- The data:
lemma tail_sum_comp_bij:
  fixes \<tau> :: "'y::finite \<Rightarrow> 'y"
  assumes "bij \<tau>"
  shows "tail_sum k y (g \<circ> \<tau>) = tail_sum k (\<tau> y) g"
proof -
  have "(\<Sum>j\<in>\<tau> ` J. exp (g j - g (\<tau> y))) = (\<Sum>j\<in>J. exp ((g \<circ> \<tau>) j - (g \<circ> \<tau>) y))" for J
    using sum.reindex[OF inj_on_subset[OF bij_is_inj[OF assms] subset_UNIV]] by simp
  then show ?thesis
    unfolding tail_sum_def tail_sets_bij_image[OF assms] image_image by simp
qed

lemma tail_sum_shift_own:
  assumes "1 \<le> k"
  shows "tail_sum k y (g(y := g y + t)) = exp (- t) * tail_sum k y g"
proof -
  have scaled: "(\<Sum>j\<in>J. exp ((g(y := g y + t)) j - (g(y := g y + t)) y))
      = exp (- t) * (\<Sum>j\<in>J. exp (g j - g y))" if "J \<in> tail_sets k y" for J
  proof -
    have "exp ((g(y := g y + t)) j - (g(y := g y + t)) y) = exp (- t) * exp (g j - g y)"
      if "j \<in> J" for j
      using \<open>J \<in> tail_sets k y\<close> that by (auto simp: tail_sets_def mult_exp_exp)
    then show ?thesis by (simp add: sum_distrib_left)
  qed
  have "mono (\<lambda>x::real. exp (- t) * x)" by (rule monoI) simp
  then have "exp (- t) * tail_sum k y g
      = Min ((\<lambda>J. exp (- t) * (\<Sum>j\<in>J. exp (g j - g y))) ` tail_sets k y)"
    unfolding tail_sum_def
    by (subst mono_Min_commute) (auto simp: image_image tail_sets_nonempty[OF assms])
  also have "\<dots> = tail_sum k y (g(y := g y + t))"
    unfolding tail_sum_def using scaled by (intro arg_cong[where f = Min] image_cong) auto
  finally show ?thesis ..
qed

lemma tail_sum_mono_shift_other:
  assumes "1 \<le> k" "j \<noteq> y" "0 \<le> t"
  shows "tail_sum k y g \<le> tail_sum k y (g(j := g j + t))"
proof -
  obtain J where J: "J \<in> tail_sets k y"
    "tail_sum k y (g(j := g j + t)) = (\<Sum>l\<in>J. exp ((g(j := g j + t)) l - (g(j := g j + t)) y))"
    using tail_sum_attained[OF assms(1)] .
  have "tail_sum k y g \<le> (\<Sum>l\<in>J. exp (g l - g y))" by (rule tail_sum_le[OF J(1)])
  also have "\<dots> \<le> tail_sum k y (g(j := g j + t))"
    unfolding J(2) using assms(2,3) by (intro sum_mono) auto
  finally show ?thesis .
qed

lemma tail_sum_strict_anti:
  assumes "1 \<le> k" "k < card (UNIV :: 'y set)" "i \<noteq> j" "g i < g j"
  shows "tail_sum k j g < tail_sum k (i::'y::finite) g"
proof -
  obtain J where J: "J \<in> tail_sets k i" "tail_sum k i g = (\<Sum>l\<in>J. exp (g l - g i))"
    using tail_sum_attained[OF assms(1)] .
  have "J \<noteq> {}" using J(1) assms(2) by (auto simp: tail_sets_def)
  show ?thesis
  proof (cases "j \<in> J")
    case False
    then have "tail_sum k j g \<le> (\<Sum>l\<in>J. exp (g l - g j))"
      using J(1) by (intro tail_sum_le) (simp add: tail_sets_def)
    also have "\<dots> < (\<Sum>l\<in>J. exp (g l - g i))"
      using \<open>J \<noteq> {}\<close> assms(4) by (intro sum_strict_mono) auto
    finally show ?thesis using J(2) by simp
  next
    case True
    define J' where "J' = insert i (J - {j})"
    have "card J' = card J"
      unfolding J'_def using True J(1) by (cases "card J") (auto simp: tail_sets_def card_insert_if)
    then have "tail_sum k j g \<le> (\<Sum>l\<in>J'. exp (g l - g j))"
      using J(1) assms(3) by (intro tail_sum_le) (auto simp: tail_sets_def J'_def)
    also have "\<dots> = (\<Sum>l\<in>J - {j}. exp (g l - g j)) + exp (g i - g j)"
      unfolding J'_def using J(1) by (simp add: tail_sets_def)
    also have "\<dots> < (\<Sum>l\<in>J - {j}. exp (g l - g i)) + exp (g j - g i)"
      using assms(4) by (intro add_le_less_mono sum_mono) auto
    also have "\<dots> = tail_sum k i g" using J(2) True by (simp add: sum_diff1)
    finally show ?thesis .
  qed
qed

lemma ln_shift_midpoint_le:
  fixes b c t :: real
  assumes "0 < c" "0 \<le> b"
  shows "ln (c + b * exp t) + ln (c + b * exp (- t))
    \<le> 2 * ln (c + b) + (exp t + exp (- t) - 2) / 4"
proof -
  define w where "w = exp t + exp (- t) - 2"
  have "exp t * exp (- t) = 1" by (simp flip: exp_add)
  then have "(exp t - 1)\<^sup>2 * exp (- t) = w"
    unfolding w_def by (simp add: power2_eq_square algebra_simps)
  moreover have "0 \<le> (exp t - 1)\<^sup>2 * exp (- t)" by simp
  ultimately have "0 \<le> w" by simp
  have "0 < c + b" using assms by simp
  define r where "r = c * b * w / (c + b)\<^sup>2"
  have "0 \<le> r" unfolding r_def using assms \<open>0 \<le> w\<close> by simp
  have "(c + b * exp t) * (c + b * exp (- t)) = (c + b)\<^sup>2 + c * b * w"
    unfolding w_def by (simp add: power2_eq_square algebra_simps flip: exp_add)
  also have "\<dots> = (c + b)\<^sup>2 * (1 + r)"
    unfolding r_def using \<open>0 < c + b\<close> by (simp add: field_simps)
  finally have product: "(c + b * exp t) * (c + b * exp (- t)) = (c + b)\<^sup>2 * (1 + r)" .
  have "r \<le> w / 4"
  proof -
    have "4 * (c * b) \<le> (c + b)\<^sup>2"
      using sum_squares_ge_zero[of "c - b" 0] by (simp add: power2_eq_square algebra_simps)
    then have "4 * (c * b) * w \<le> (c + b)\<^sup>2 * w" using \<open>0 \<le> w\<close> by (rule mult_right_mono)
    then show ?thesis unfolding r_def using \<open>0 < c + b\<close> by (simp add: field_simps)
  qed
  have "ln (c + b * exp t) + ln (c + b * exp (- t)) = ln ((c + b * exp t) * (c + b * exp (- t)))"
    using assms by (intro ln_mult_pos[symmetric] add_pos_nonneg) simp_all
  also have "\<dots> = ln ((c + b)\<^sup>2) + ln (1 + r)"
    unfolding product using \<open>0 < c + b\<close> \<open>0 \<le> r\<close> by (simp add: ln_mult_pos)
  also have "\<dots> \<le> 2 * ln (c + b) + r"
    using \<open>0 < c + b\<close> ln_le_minus_one[of "1 + r"] \<open>0 \<le> r\<close> by (simp add: ln_realpow)
  finally show ?thesis using \<open>r \<le> w / 4\<close> unfolding w_def by linarith
qed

- Task instructions:
Copy the lines above exactly. Start with the line containing "< card (UNIV", end with the line containing "using J(1) by (intro", and include both.

- Response area:
  assumes "1 \<le> k" "k < card (UNIV :: 'y set)" "i \<noteq> j" "g i < g j"
  shows "tail_sum k j g < tail_sum k (i::'y::finite) g"
proof -
  obtain J where J: "J \<in> tail_sets k i" "tail_sum k i g = (\<Sum>l\<in>J. exp (g l - g i))"
    using tail_sum_attained[OF assms(1)] .
  have "J \<noteq> {}" using J(1) assms(2) by (auto simp: tail_sets_def)
  show ?thesis
  proof (cases "j \<in> J")
    case False
    then have "tail_sum k j g \<le> (\<Sum>l\<in>J. exp (g l - g j))"
      using J(1) by (intro tail_sum_le) (simp add: tail_sets_def)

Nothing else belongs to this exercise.